(Stored data)
##########

lemma nn_integral_avg_cball_le:
  assumes "0 < \<rho>" "\<rho> \<le> Rm" and H: "H \<in> borel_measurable borel"
  shows "(\<integral>\<^sup>+x. avg \<mu> (cball x \<rho>) H \<partial>\<nu>)
    \<le> ennreal (D^3 * C * Rm powr \<theta> / \<rho> powr \<theta>) * (\<integral>\<^sup>+y. H y \<partial>\<mu>)"
proof -
  let ?K = "ennreal (D^3 * C * Rm powr \<theta> / \<rho> powr \<theta>)"
  have "avg \<mu> (cball x \<rho>) H
      = inverse (emeasure \<mu> (cball x \<rho>)) * (\<integral>\<^sup>+y. indicator (cball x \<rho>) y * H y \<partial>\<mu>)" for x
    unfolding avg_def divide_ennreal_def by (simp add: nn_integral_set_ennreal mult.commute)
  then have "(\<integral>\<^sup>+x. avg \<mu> (cball x \<rho>) H \<partial>\<nu>)
      = (\<integral>\<^sup>+x. inverse (emeasure \<mu> (cball x \<rho>)) * (\<integral>\<^sup>+y. indicator (cball x \<rho>) y * H y \<partial>\<mu>) \<partial>\<nu>)"
    by simp
  also have "\<dots> = (\<integral>\<^sup>+y. H y * (\<integral>\<^sup>+x. indicator (cball y \<rho>) x * inverse (emeasure \<mu> (cball x \<rho>)) \<partial>\<nu>) \<partial>\<mu>)"
    using borel_measurable_emeasure_cball[OF sets_\<mu> sigma_finite_\<mu>]
    by (intro nn_integral_cball_kernel_swap[OF sets_\<mu> sets_\<nu> sigma_finite_\<mu> sigma_finite_\<nu> H]
        borel_measurable_inverse_ennreal)
  also have "\<dots> \<le> (\<integral>\<^sup>+y. ?K * H y \<partial>\<mu>)"
    using kernel_bound[OF assms(1,2)] by (intro nn_integral_mono) (simp add: mult.commute mult_left_mono)
  also have "\<dots> = ?K * (\<integral>\<^sup>+y. H y \<partial>\<mu>)"
    using H measurable_cong_sets[OF sets_\<mu> refl] by (intro nn_integral_cmult) auto
  finally show ?thesis .
qed

lemma avg_cball_le_doubling:
  assumes "0 < r" "r \<le> \<rho>" "\<rho> \<le> 2*r" "r \<le> Rm"
  shows "avg \<mu> (cball x r) f \<le> ennreal D * avg \<mu> (cball x \<rho>) f"
proof -
  have "(\<integral>\<^sup>+y\<in>cball x r. f y \<partial>\<mu>) \<le> (\<integral>\<^sup>+y\<in>cball x \<rho>. f y \<partial>\<mu>)"
    using assms by (intro nn_integral_mono) (auto simp: indicator_def)
  moreover have "inverse (emeasure \<mu> (cball x r)) \<le> ennreal D * inverse (emeasure \<mu> (cball x \<rho>))"
  proof (rule inverse_le_ennreal_mult_inverse)
    have "emeasure \<mu> (cball x \<rho>) \<le> emeasure \<mu> (cball x (2*r))"
      using assms by (intro emeasure_mono) (auto simp: sets_\<mu>)
    also have "\<dots> \<le> ennreal D * emeasure \<mu> (cball x r)" using doubling assms by auto
    finally show "emeasure \<mu> (cball x \<rho>) \<le> ennreal D * emeasure \<mu> (cball x r)" .
  qed (use cball_pos cball_finite assms D in auto)
  ultimately have "(\<integral>\<^sup>+y\<in>cball x r. f y \<partial>\<mu>) * inverse (emeasure \<mu> (cball x r))
      \<le> (\<integral>\<^sup>+y\<in>cball x \<rho>. f y \<partial>\<mu>) * (ennreal D * inverse (emeasure \<mu> (cball x \<rho>)))"
    by (intro mult_mono) auto
  then show ?thesis unfolding avg_def divide_ennreal_def by (simp add: mult_ac)
qed

lemma fractional_avg_le:
  fixes g :: "'a \<Rightarrow> real"
  assumes g: "g \<in> borel_measurable \<mu>" and pq: "0 < q" "q < p" and "0 \<le> \<alpha>"
    and r: "0 < r" "r \<le> \<rho>" "\<rho> \<le> 2*r" "r \<le> Rm"
  shows "ennreal (r powr \<alpha>) * epowr (avg \<mu> (cball x r) (\<lambda>y. ennreal (\<bar>g y\<bar> powr q))) (1/q)
    \<le> epowr (ennreal (D powr (p/q) * \<rho> powr (\<alpha>*p)) * avg \<mu> (cball x \<rho>) (\<lambda>y. ennreal (\<bar>g y\<bar> powr p))) (1/p)"
proof -
  let ?Ap = "avg \<mu> (cball x \<rho>) (\<lambda>y. ennreal (\<bar>g y\<bar> powr p))"
  have \<rho>: "0 < \<rho>" using r by simp
  have "avg \<mu> (cball x r) (\<lambda>y. ennreal (\<bar>g y\<bar> powr q))
      \<le> ennreal D * avg \<mu> (cball x \<rho>) (\<lambda>y. ennreal (\<bar>g y\<bar> powr q))"
    using avg_cball_le_doubling[OF r] .
  also have "\<dots> \<le> ennreal D * epowr ?Ap (q/p)"
    using avg_powr_le_epowr_avg[of "cball x \<rho>" \<mu> "\<lambda>y. \<bar>g y\<bar>"] g pq cball_pos[OF \<rho>] cball_finite[OF \<rho>]
    by (intro mult_left_mono) (auto simp: sets_\<mu>)
  finally have "epowr (avg \<mu> (cball x r) (\<lambda>y. ennreal (\<bar>g y\<bar> powr q))) (1/q)
      \<le> epowr (ennreal D * epowr ?Ap (q/p)) (1/q)"
    using pq by (intro epowr_mono) auto
  also have "\<dots> = ennreal (D powr (1/q)) * epowr ?Ap (1/p)"
    using pq D by (simp add: epowr_ennreal_mult epowr_epowr)
  finally have Aq: "epowr (avg \<mu> (cball x r) (\<lambda>y. ennreal (\<bar>g y\<bar> powr q))) (1/q)
      \<le> ennreal (D powr (1/q)) * epowr ?Ap (1/p)" .
  then have "ennreal (r powr \<alpha>) * epowr (avg \<mu> (cball x r) (\<lambda>y. ennreal (\<bar>g y\<bar> powr q))) (1/q)
      \<le> ennreal (\<rho> powr \<alpha>) * (ennreal (D powr (1/q)) * epowr ?Ap (1/p))"
    using Aq r \<open>0 \<le> \<alpha>\<close> by (intro mult_mono ennreal_leI powr_mono2) auto
  also have "\<dots> = epowr (ennreal (D powr (p/q) * \<rho> powr (\<alpha>*p)) * ?Ap) (1/p)"
    using pq \<rho> D by (simp add: epowr_ennreal_mult powr_mult powr_powr ennreal_mult' mult_ac)
  finally show ?thesis .
qed

lemma maxfun_powr_le_dyadic_sum:
  fixes g :: "'a \<Rightarrow> real"
  assumes g: "g \<in> borel_measurable \<mu>" and pq: "0 < q" "q < p" and "0 \<le> \<alpha>" and R: "0 < R" "R \<le> Rm"
  shows "epowr (maxfun \<mu> q \<alpha> R g x) p \<le> (\<Sum>j. ennreal (D powr (p/q) * (R/2^j) powr (\<alpha>*p))
    * avg \<mu> (cball x (R/2^j)) (\<lambda>y. ennreal (\<bar>g y\<bar> powr p)))"
    (is "_ \<le> (\<Sum>j. ?a j)")
proof -
  have "maxfun \<mu> q \<alpha> R g x \<le> epowr (\<Sum>j. ?a j) (1/p)"
    unfolding maxfun_def
  proof (rule SUP_least)
    fix r assume r: "r \<in> {0<..R}"
    then obtain j :: nat where j: "r \<le> R/2^j" "R/2^j \<le> 2*r"
      using exists_dyadic_scale by force
    have "ennreal (r powr \<alpha>) * epowr (avg \<mu> (cball x r) (\<lambda>y. ennreal (\<bar>g y\<bar> powr q))) (1/q)
        \<le> epowr (?a j) (1/p)"
      using fractional_avg_le[OF g pq \<open>0 \<le> \<alpha>\<close>, of r "R/2^j"] r j R by auto
    also have "\<dots> \<le> epowr (\<Sum>j. ?a j) (1/p)"
      using pq sum_le_suminf[of ?a "{j}"] by (intro epowr_mono) (auto intro: summableI)
    finally show "ennreal (r powr \<alpha>) * epowr (avg \<mu> (cball x r) (\<lambda>y. ennreal (\<bar>g y\<bar> powr q))) (1/q)
        \<le> epowr (\<Sum>j. ?a j) (1/p)" .
  qed
  then have "epowr (maxfun \<mu> q \<alpha> R g x) p \<le> epowr (epowr (\<Sum>j. ?a j) (1/p)) p"
    using pq by (intro epowr_mono) auto
  also have "\<dots> = (\<Sum>j. ?a j)"
    using pq by (simp add: epowr_epowr epowr_one)
  finally show ?thesis .
qed

lemma nn_integral_maxfun_powr_le:
  fixes g :: "'a \<Rightarrow> real"
  assumes g: "g \<in> borel_measurable \<mu>" and pq: "0 < q" "q < p" and \<alpha>: "\<theta> < \<alpha> * p"
    and R: "0 < R" "R \<le> Rm"
  shows "(\<integral>\<^sup>+x. epowr (maxfun \<mu> q \<alpha> R g x) p \<partial>\<nu>)
    \<le> ennreal (D powr (p/q) * (D^3 * C * Rm powr \<theta>) * R powr (\<alpha>*p - \<theta>) / (1 - (1/2) powr (\<alpha>*p - \<theta>)))
      * (\<integral>\<^sup>+y. ennreal (\<bar>g y\<bar> powr p) \<partial>\<mu>)"
proof -
  let ?H = "\<lambda>y. ennreal (\<bar>g y\<bar> powr p)"
  let ?c = "D powr (p/q)" and ?K = "D^3 * C * Rm powr \<theta>"
  define s where "s = \<alpha>*p - \<theta>"
  define t where "t = (1/2::real) powr s"
  have t: "0 \<le> t" "t < 1" using \<alpha> unfolding t_def s_def by (auto simp: powr01_less_one)
  have "0 \<le> \<alpha>" using \<alpha> \<theta> pq by (smt (verit) mult_nonpos_nonneg)
  have K: "0 \<le> ?K" using D C by simp
  have radius: "R/2^j \<le> Rm" for j :: nat
    using R order_trans[of "R/2^j" R Rm] by (simp add: divide_le_eq)
  have "g \<in> borel_measurable borel" using g measurable_cong_sets[OF sets_\<mu> refl] by blast
  then have H: "?H \<in> borel_measurable borel" by measurable
  have avg_meas: "(\<lambda>x. avg \<mu> (cball x \<rho>) ?H) \<in> borel_measurable \<nu>" for \<rho>
    using borel_measurable_avg_cball[OF sets_\<mu> sigma_finite_\<mu> H] measurable_cong_sets[OF sets_\<nu> refl] by blast
  have scale: "?c * (R/2^j) powr (\<alpha>*p) * (?K / (R/2^j) powr \<theta>) = ?c * ?K * R powr s * t^j" for j :: nat
  proof -
    have "?c * (R/2^j) powr (\<alpha>*p) * (?K / (R/2^j) powr \<theta>)
        = ?c * ?K * ((R/2^j) powr (\<alpha>*p) / (R/2^j) powr \<theta>)"
      by simp
    also have "(R/2^j) powr (\<alpha>*p) / (R/2^j) powr \<theta> = R powr s * t^j"
      using R dyadic_powr[OF R(1), of j s] unfolding s_def t_def by (simp add: powr_diff)
    finally show ?thesis by (simp add: mult_ac)
  qed
  have "(\<integral>\<^sup>+x. epowr (maxfun \<mu> q \<alpha> R g x) p \<partial>\<nu>)
      \<le> (\<integral>\<^sup>+x. (\<Sum>j. ennreal (?c * (R/2^j) powr (\<alpha>*p)) * avg \<mu> (cball x (R/2^j)) ?H) \<partial>\<nu>)"
    by (intro nn_integral_mono maxfun_powr_le_dyadic_sum[OF g pq \<open>0 \<le> \<alpha>\<close> R])
  also have "\<dots> = (\<Sum>j. ennreal (?c * (R/2^j) powr (\<alpha>*p)) * (\<integral>\<^sup>+x. avg \<mu> (cball x (R/2^j)) ?H \<partial>\<nu>))"
    using avg_meas by (simp add: nn_integral_suminf nn_integral_cmult)
  also have "\<dots> \<le> (\<Sum>j. ennreal (?c * (R/2^j) powr (\<alpha>*p)) * (ennreal (?K / (R/2^j) powr \<theta>) * integral\<^sup>N \<mu> ?H))"
    using R H radius by (intro suminf_le mult_left_mono nn_integral_avg_cball_le) auto
  also have "\<dots> = (\<Sum>j. ennreal (?c * ?K * R powr s * t^j) * integral\<^sup>N \<mu> ?H)"
  proof (rule suminf_cong)
    fix j :: nat
    have "0 \<le> ?c * (R/2^j) powr (\<alpha>*p)" "0 \<le> ?K / (R/2^j) powr \<theta>" using K by auto
    then show "ennreal (?c * (R/2^j) powr (\<alpha>*p)) * (ennreal (?K / (R/2^j) powr \<theta>) * integral\<^sup>N \<mu> ?H)
        = ennreal (?c * ?K * R powr s * t^j) * integral\<^sup>N \<mu> ?H"
      by (simp only: mult.assoc[symmetric] ennreal_mult[symmetric] scale)
  qed
  also have "\<dots> = (\<Sum>j. ennreal (?c * ?K * R powr s * t^j)) * integral\<^sup>N \<mu> ?H"
    using ennreal_suminf_cmult[of "integral\<^sup>N \<mu> ?H"] by (simp add: mult.commute)
  also have "\<dots> = ennreal (?c * ?K * R powr s / (1 - t)) * integral\<^sup>N \<mu> ?H"
    using K t by (subst suminf_ennreal_geometric) auto
  finally show ?thesis unfolding s_def t_def .
qed

lemma lp_norm_maxfun_le:
  assumes pq: "0 < q" "q < p" and \<alpha>: "\<theta> < \<alpha> * p" and R: "0 < R" "R \<le> Rm"
  shows "\<exists>K>0. \<forall>g. g \<in> borel_measurable \<mu> \<longrightarrow>
    lp_norm \<nu> (maxfun \<mu> q \<alpha> R g) p \<le> ennreal K * lp_norm \<mu> (\<lambda>x. ennreal \<bar>g x\<bar>) p"
proof -
  define K where "K = D powr (p/q) * (D^3 * C * Rm powr \<theta>) * R powr (\<alpha>*p - \<theta>) / (1 - (1/2) powr (\<alpha>*p - \<theta>))"
  have "(1/2::real) powr (\<alpha>*p - \<theta>) < 1" using \<alpha> by (simp add: powr01_less_one)
  then have K: "0 < K" unfolding K_def using D C R Rm by (intro divide_pos_pos mult_pos_pos) auto
  show ?thesis
  proof (intro exI[of _ "K powr (1/p)"] conjI allI impI)
    fix g :: "'a \<Rightarrow> real" assume g: "g \<in> borel_measurable \<mu>"
    have "lp_norm \<nu> (maxfun \<mu> q \<alpha> R g) p
        \<le> epowr (ennreal K * (\<integral>\<^sup>+y. ennreal (\<bar>g y\<bar> powr p) \<partial>\<mu>)) (1/p)"
      unfolding lp_norm_def K_def using pq
      by (intro epowr_mono nn_integral_maxfun_powr_le[OF g pq \<alpha> R]) auto
    then show "lp_norm \<nu> (maxfun \<mu> q \<alpha> R g) p \<le> ennreal (K powr (1/p)) * lp_norm \<mu> (\<lambda>x. ennreal \<bar>g x\<bar>) p"
      using K pq by (simp add: lp_norm_def epowr_ennreal epowr_ennreal_mult)
  qed (use K in simp)
qed

end

lemma unif_loc_doubling_bound:
  assumes "unif_loc_doubling \<mu>" "0 < R"
  obtains D where "1 \<le> D"
    "\<And>x r. 0 < r \<Longrightarrow> r \<le> R \<Longrightarrow> emeasure \<mu> (cball x (2*r)) \<le> ennreal D * emeasure \<mu> (cball x r)"
proof -
  obtain D0 where D0: "\<And>r x. r \<in> {0<..R} \<Longrightarrow> emeasure \<mu> (cball x (2*r)) \<le> ennreal D0 * emeasure \<mu> (cball x r)"
    using assms unfolding unif_loc_doubling_def by blast
  show ?thesis
  proof (rule that[of "max D0 1"])
    fix x r assume "0 < r" "r \<le> R"
    then have "emeasure \<mu> (cball x (2*r)) \<le> ennreal D0 * emeasure \<mu> (cball x r)" using D0 by simp
    also have "\<dots> \<le> ennreal (max D0 1) * emeasure \<mu> (cball x r)"
      by (intro mult_right_mono ennreal_leI) auto
    finally show "emeasure \<mu> (cball x (2*r)) \<le> ennreal (max D0 1) * emeasure \<mu> (cball x r)" .
  qed simp
qed

lemma frakM_first_measure_upper_bound:
  assumes "frakM \<mu> \<theta> S \<epsilon> m"
  obtains C where "0 < C" "sets (m 0) = sets borel"
    "\<And>x r. 0 < r \<Longrightarrow> r \<le> 1 \<Longrightarrow>
      emeasure (m 0) (cball x r) \<le> ennreal C * emeasure \<mu> (cball x r) / ennreal (r powr \<theta>)"
  using assms unfolding frakM_def loc_finite_borel_def by (metis power_0)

##########

EXERCISE DETAILS:
Restate word for word the lines above, beginning at the first one and ending at the line that carries "using borel_measurable_emeasure_cball[OF sets_\<mu>".

WRITTEN SOLUTION:
lemma nn_integral_avg_cball_le:
  assumes "0 < \<rho>" "\<rho> \<le> Rm" and H: "H \<in> borel_measurable borel"
  shows "(\<integral>\<^sup>+x. avg \<mu> (cball x \<rho>) H \<partial>\<nu>)
    \<le> ennreal (D^3 * C * Rm powr \<theta> / \<rho> powr \<theta>) * (\<integral>\<^sup>+y. H y \<partial>\<mu>)"
proof -
  let ?K = "ennreal (D^3 * C * Rm powr \<theta> / \<rho> powr \<theta>)"
  have "avg \<mu> (cball x \<rho>) H
      = inverse (emeasure \<mu> (cball x \<rho>)) * (\<integral>\<^sup>+y. indicator (cball x \<rho>) y * H y \<partial>\<mu>)" for x
    unfolding avg_def divide_ennreal_def by (simp add: nn_integral_set_ennreal mult.commute)
  then have "(\<integral>\<^sup>+x. avg \<mu> (cball x \<rho>) H \<partial>\<nu>)
      = (\<integral>\<^sup>+x. inverse (emeasure \<mu> (cball x \<rho>)) * (\<integral>\<^sup>+y. indicator (cball x \<rho>) y * H y \<partial>\<mu>) \<partial>\<nu>)"
    by simp
  also have "\<dots> = (\<integral>\<^sup>+y. H y * (\<integral>\<^sup>+x. indicator (cball y \<rho>) x * inverse (emeasure \<mu> (cball x \<rho>)) \<partial>\<nu>) \<partial>\<mu>)"
    using borel_measurable_emeasure_cball[OF sets_\<mu> sigma_finite_\<mu>]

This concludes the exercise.